WORK INSTRUCTIONS → Working through the entries below, find how many lines include the string "definition"; give only that number.
Content starts
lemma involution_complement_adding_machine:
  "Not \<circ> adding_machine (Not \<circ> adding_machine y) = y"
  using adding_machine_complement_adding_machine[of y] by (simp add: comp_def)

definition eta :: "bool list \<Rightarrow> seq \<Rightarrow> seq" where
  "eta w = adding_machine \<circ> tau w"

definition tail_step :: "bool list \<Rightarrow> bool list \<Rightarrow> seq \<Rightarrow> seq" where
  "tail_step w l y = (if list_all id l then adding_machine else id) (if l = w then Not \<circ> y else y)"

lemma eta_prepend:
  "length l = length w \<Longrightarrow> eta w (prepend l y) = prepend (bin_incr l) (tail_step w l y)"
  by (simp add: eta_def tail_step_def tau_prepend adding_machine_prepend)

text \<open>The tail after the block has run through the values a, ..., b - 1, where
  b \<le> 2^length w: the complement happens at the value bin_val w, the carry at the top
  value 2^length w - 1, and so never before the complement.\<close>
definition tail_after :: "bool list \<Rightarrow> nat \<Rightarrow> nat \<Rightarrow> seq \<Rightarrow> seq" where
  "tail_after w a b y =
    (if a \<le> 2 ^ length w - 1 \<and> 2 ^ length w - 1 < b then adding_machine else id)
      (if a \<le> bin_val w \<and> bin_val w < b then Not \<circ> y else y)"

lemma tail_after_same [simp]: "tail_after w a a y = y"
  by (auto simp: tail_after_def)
Content ends
RESULT FOR THIS EXERCISE → 3